What the task requires: Copy every line of the records below that holds the word "sheets".

Excerpted data:
*-*-*
(* Let W be a nonempty open subset of M1 meeting a sheet V over an evenly covered open set U of M,
   and put Q = p(W \<inter> V). Since h = f^k is non-wandering, every nonempty open Q \<subseteq> U contains a
   nonempty open Q' with h^n(Q') \<subseteq> Q for some n > 0; shrinking Q' further, g^n maps the part of
   each of the finitely many sheets over Q' into a single sheet over Q, and this map of sheets is a
   permutation because g is injective. Iterating gives times T 0 < T 1 < ... together with
   permutations of the sheets; by pigeonhole two of these permutations agree, and the difference
   of the corresponding times brings a point of W back into W. That f^k is non-wandering is the
   same statement for the trivial k-sheeted cover M \<times> {0..<k} with the lift
   (x, i) \<mapsto> (f x, i + 1 mod k). *)

lemma non_wandering_set_eq_topspace_iff:
  "non_wandering_set X \<phi> = topspace X \<longleftrightarrow>
     (\<forall>W. openin X W \<longrightarrow> W \<noteq> {} \<longrightarrow> (\<exists>n>0. (\<phi> ^^ n) ` W \<inter> W \<noteq> {}))"
proof
  assume all: "non_wandering_set X \<phi> = topspace X"
  show "\<forall>W. openin X W \<longrightarrow> W \<noteq> {} \<longrightarrow> (\<exists>n>0. (\<phi> ^^ n) ` W \<inter> W \<noteq> {})"
  proof (intro allI impI)
    fix W assume W: "openin X W" "W \<noteq> {}"
    then obtain x where "x \<in> W"
      by blast
    then have "x \<in> non_wandering_set X \<phi>"
      using all openin_subset[OF W(1)] by blast
    then show "\<exists>n>0. (\<phi> ^^ n) ` W \<inter> W \<noteq> {}"
      using W(1) \<open>x \<in> W\<close> unfolding non_wandering_set_def by blast
  qed
qed (auto simp: non_wandering_set_def)

lemma funpow_image_subset: "f ` S \<subseteq> S \<Longrightarrow> (f ^^ n) ` S \<subseteq> S"
  by (induction n) auto

lemma inj_on_funpow:
  assumes "inj_on f S" and "f ` S \<subseteq> S"
  shows "inj_on (f ^^ n) S"
proof (induction n)
  case (Suc n)
  have "inj_on f ((f ^^ n) ` S)"
    using inj_on_subset[OF assms(1) funpow_image_subset[OF assms(2)]] .
  then show ?case
    unfolding funpow.simps by (rule comp_inj_on[OF Suc.IH])
qed simp

lemma funpow_semiconj:
  assumes "g ` S \<subseteq> S" and "\<forall>y\<in>S. p (g y) = h (p y)" and "y \<in> S"
  shows "p ((g ^^ n) y) = (h ^^ n) (p y)"
proof (induction n)
  case (Suc n)
  have "(g ^^ n) y \<in> S"
    using assms(1,3) funpow_image_subset by blast
  then show ?case
    using assms(2) Suc.IH by simp
qed simp

lemma continuous_map_funpow:
  assumes "continuous_map X X f"
  shows "continuous_map X X (f ^^ n)"
proof (induction n)
  case (Suc n)
  show ?case
    unfolding funpow.simps by (rule continuous_map_compose[OF Suc.IH assms])
qed simp

lemma non_wandering_return:
  assumes "non_wandering_set X h = topspace X" and "continuous_map X X h"
    and "openin X Q" and "Q \<noteq> {}"
  obtains n Q1 where "n > 0" and "openin X Q1" and "Q1 \<noteq> {}" and "Q1 \<subseteq> Q"
    and "(h ^^ n) ` Q1 \<subseteq> Q"
proof -
  obtain n where "n > 0" and "(h ^^ n) ` Q \<inter> Q \<noteq> {}"
    using assms(1,3,4) unfolding non_wandering_set_eq_topspace_iff by blast
  define Q1 where "Q1 = Q \<inter> {x \<in> topspace X. (h ^^ n) x \<in> Q}"
  have "openin X Q1"
    unfolding Q1_def
    by (intro openin_Int openin_continuous_map_preimage[OF continuous_map_funpow[OF assms(2)]] assms(3))
  moreover have "Q1 \<noteq> {}"
    using \<open>(h ^^ n) ` Q \<inter> Q \<noteq> {}\<close> openin_subset[OF assms(3)] unfolding Q1_def by blast
  moreover have "Q1 \<subseteq> Q" and "(h ^^ n) ` Q1 \<subseteq> Q"
    unfolding Q1_def by auto
  ultimately show thesis
    using \<open>n > 0\<close> that by blast
qed
lemma SM_assoc_tprod:
  "SM (SM (tprod x a) (tprod x' a')) (tprod x'' a'') = SM (tprod x a) (SM (tprod x' a') (tprod x'' a''))"
  (is "?L = ?R")
proof (rule tensor_eq_lslices)
  fix g :: "'a \<Rightarrow> complex" assume g: "clinear g"
  define \<psi> where "\<psi> p p' = mR (mR x (act p x')) (act p' x'')" for p p'
  have bpsi: "cbilinear \<psi>" unfolding \<psi>_def by (intro cbilinearI lin)
  have psi_ls: "\<psi> p (lslice g W) = tapply (\<lambda>p' q'. cscale (g q') (\<psi> p p')) W" for p W
    unfolding lslice_def by (simp add: clinear_comp_tapply[OF cbilinear_r[OF bpsi]] clinear_scale[OF cbilinear_r[OF bpsi]])
  have "lslice g ?L = lslice g (tapply (\<lambda>p q. SM (tprod (mR x (act p x')) q) (tprod x'' a'')) (T1 a a'))"
    by (simp add: SM_tprod clinear_comp_tapply[OF lin_SM_l])
  also have "\<dots> = tapply (\<lambda>p q. tapply (\<lambda>p' q'. cscale (g q') (\<psi> p p')) (T1 q a'')) (T1 a a')"
    by (simp add: SM_tprod lslice_tapply g \<psi>_def)
  also have "\<dots> = tapply (\<lambda>p q. \<psi> p (lslice g (T1 q a''))) (T1 a a')"
    by (simp add: psi_ls)
  also have "\<dots> = tapply \<psi> (tapply (\<lambda>p q. tprod p (lslice g (T1 q a''))) (T1 a a'))"
    by (simp add: tapply_tapply[OF bpsi] bpsi)
  also have "\<dots> = tapply \<psi> (tapply (\<lambda>r s. T1 (lslice g (T1 a s)) r) (T1 a' a''))"
    by (simp add: coassoc_T1[OF g])
  also have "\<dots> = tapply (\<lambda>r s. tapply \<psi> (T1 (lslice g (T1 a s)) r)) (T1 a' a'')"
    by (rule tapply_tapply[OF bpsi])
  also have "\<dots> = tapply (\<lambda>r s. tapply (\<lambda>p q. cscale (g q) (tapply \<psi> (T1 p r))) (T1 a s)) (T1 a' a'')"
    unfolding lslice_def
    by (rule tapply_cong)
       (simp add: clinear_comp_tapply[OF clinear_comp[OF clinear_tapply[OF bpsi] lin_T1a]]
        clinear_scale[OF clinear_comp[OF clinear_tapply[OF bpsi] lin_T1a]])
  also have "\<dots> = tapply (\<lambda>r s. tapply (\<lambda>p q. cscale (g q) (mR x (act p (mR x' (act r x''))))) (T1 a s)) (T1 a' a'')"
    by (simp add: module_algebra_law_single \<psi>_def[abs_def] clinear_comp_tapply[OF R.lin_r] R.assoc)
  also have "\<dots> = lslice g ?R"
    by (simp add: SM_tprod clinear_comp_tapply[OF lin_SM_r] lslice_tapply g)
  finally show "lslice g ?L = lslice g ?R" .
qed
lemma summable_piL1_shift:
  assumes "0 < \<epsilon>"
  shows "summable (\<lambda>j. piL1 \<epsilon> (j + k))"
proof -
  have "summable (\<lambda>j. real j powr (-(1 + \<epsilon>)))" using summable_real_powr_iff assms by simp
  then have "summable (piL1 \<epsilon>)" unfolding piL1_def by simp
  then show ?thesis using summable_iff_shift[of "piL1 \<epsilon>" k] by simp
qed

lemma zeta_tail_eq_suminf:
  assumes "0 < \<epsilon>"
  shows "zeta_tail \<epsilon> k = (\<Sum>j. piL1 \<epsilon> (j + k + 1))"
proof -
  have ZL1: "ZL1 \<epsilon> k = (\<Sum>j<k. piL1 \<epsilon> (j + 1))"
    by (induction k) (simp_all add: ZL1_def)
  have "ZL1_inf \<epsilon> = (\<Sum>j. piL1 \<epsilon> (j + k + 1)) + (\<Sum>j<k. piL1 \<epsilon> (j + 1))"
    using suminf_split_initial_segment[OF summable_piL1_shift[OF assms, of 1], of k]
    by (simp add: ZL1_inf_def add.assoc)
  then show ?thesis unfolding zeta_tail_def ZL1 by simp
qed

lemma zeta_tail_pos:
  assumes "0 < \<epsilon>"
  shows "zeta_tail \<epsilon> k > 0"
proof -
  have "summable (\<lambda>j. piL1 \<epsilon> (j + k + 1))"
    using summable_piL1_shift[OF assms, of "k + 1"] by (simp add: add.assoc)
  then have "0 < (\<Sum>j. piL1 \<epsilon> (j + k + 1))" by (rule suminf_pos) (simp add: piL1_pos)
  then show ?thesis using zeta_tail_eq_suminf[OF assms] by simp
qed
theorem mainTheorem19:
  fixes \<tau> l :: real
  assumes "0 < \<tau>" and "0 < l" and "l < 1"
  shows "\<exists>C N. \<forall>n \<ge> N. \<forall>E.
           TI_op (2 ^ n) 2 (total_ham (qubit_ham \<tau>) n) (qubit_ham \<tau>) E \<longrightarrow>
           1 - Re (qform (E (tensor_pow n (rho l))) Phi)
             \<ge> (1 / real n) * ((1 - l\<^sup>2) / (4 * l\<^sup>2)) - C / (real n)\<^sup>2"
proof -
  define K where "K = l\<^sup>2 / (1 - l\<^sup>2)"
  have "l\<^sup>2 < 1" using assms by (simp add: power_less_one_iff)
  then have K: "0 < K" using assms(2) by (simp add: K_def)
  show ?thesis
  proof (intro exI[of _ "1 / (4 * K\<^sup>2)"] exI[of _ 1] allI impI)
    fix n :: nat and E assume n: "1 \<le> n"
      and TI: "TI_op (2 ^ n) 2 (total_ham (qubit_ham \<tau>) n) (qubit_ham \<tau>) E"
    define x where "x = real n * K"
    have x: "0 < x" using n K by (simp add: x_def)
    have "(1 / real n) * ((1 - l\<^sup>2) / (4 * l\<^sup>2)) - 1 / (4 * K\<^sup>2) / (real n)\<^sup>2 = (x - 1) / (4 * x\<^sup>2)"
      using assms(2) \<open>l\<^sup>2 < 1\<close> n by (simp add: x_def K_def field_simps power2_eq_square)
    also have "\<dots> \<le> 1 / (4 * x + 4)"
      using x by (simp add: field_simps power2_eq_square)
    also have "\<dots> \<le> 1 - Re (qform (E (tensor_pow n (rho l))) Phi)"
      using TI_fidelity_bound[OF _ _ TI] assms by (simp add: x_def K_def)
    finally show "(1 / real n) * ((1 - l\<^sup>2) / (4 * l\<^sup>2)) - 1 / (4 * K\<^sup>2) / (real n)\<^sup>2
        \<le> 1 - Re (qform (E (tensor_pow n (rho l))) Phi)" .
  qed
qed

end
lemma enat_le_codimL_iff_strong_chain:
  "enat d \<le> codimL (a::'a) \<longleftrightarrow> (\<exists>x. strong_chain d x \<and> a \<le> x d)"
proof
  assume "\<exists>x. strong_chain d x \<and> a \<le> x d"
  then obtain x where "strong_chain d x" "a \<le> x d" by blast
  then have "height_ge p d" if "prime_filter p" "a \<in> p" for p
    using that height_ge_of_strong_chain unfolding prime_filter_def by blast
  then show "enat d \<le> codimL a" unfolding enat_le_codimL_iff by blast
next
  assume codim: "enat d \<le> codimL a"
  let ?I = "{c::'a. \<exists>x. strong_chain d x \<and> c \<le> x d}"
  show "\<exists>x. strong_chain d x \<and> a \<le> x d"
  proof (rule ccontr)
    assume "\<not> ?thesis"
    then have "{z. a \<le> z} \<inter> ?I = {}" using order.trans by blast
    then obtain p where p: "prime_filter p" "{z. a \<le> z} \<subseteq> p" "p \<inter> ?I = {}"
      using prime_filter_separation[OF lattice_filter_principal lattice_ideal_strong_chain_ends] by blast
    then have "height_ge p d" using codim unfolding enat_le_codimL_iff by blast
    moreover have "bot \<notin> p" using p(1) unfolding prime_filter_def by blast
    ultimately obtain x where "strong_chain d x" "x d \<in> p"
      using p(1) strong_chain_of_height_ge by blast
    then show False using p(3) by blast
  qed
qed

end

theorem theorem3p8:
  fixes a :: "'a::{bounded_lattice,distrib_lattice}" and d :: nat
  assumes "coHeyting TYPE('a)" and "d > 0"
  shows "(dimL a \<ge> enat d \<longleftrightarrow>
           (\<exists>x :: nat \<Rightarrow> 'a. x d \<noteq> bot \<and> (\<forall>i<d. strong_le (x (Suc i)) (x i)) \<and> x 0 \<le> a))
       \<and> (codimL a \<ge> enat d \<longleftrightarrow>
           (\<exists>x :: nat \<Rightarrow> 'a. a \<le> x d \<and> (\<forall>i<d. strong_le (x (Suc i)) (x i))))"
  using enat_le_dimL_iff_strong_chain[OF assms] enat_le_codimL_iff_strong_chain[OF assms(1)]
  unfolding strong_chain_def by blast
*-*-*
Response to this task:
   each of the finitely many sheets over Q' into a single sheet over Q, and this map of sheets is a
   permutations of the sheets; by pigeonhole two of these permutations agree, and the difference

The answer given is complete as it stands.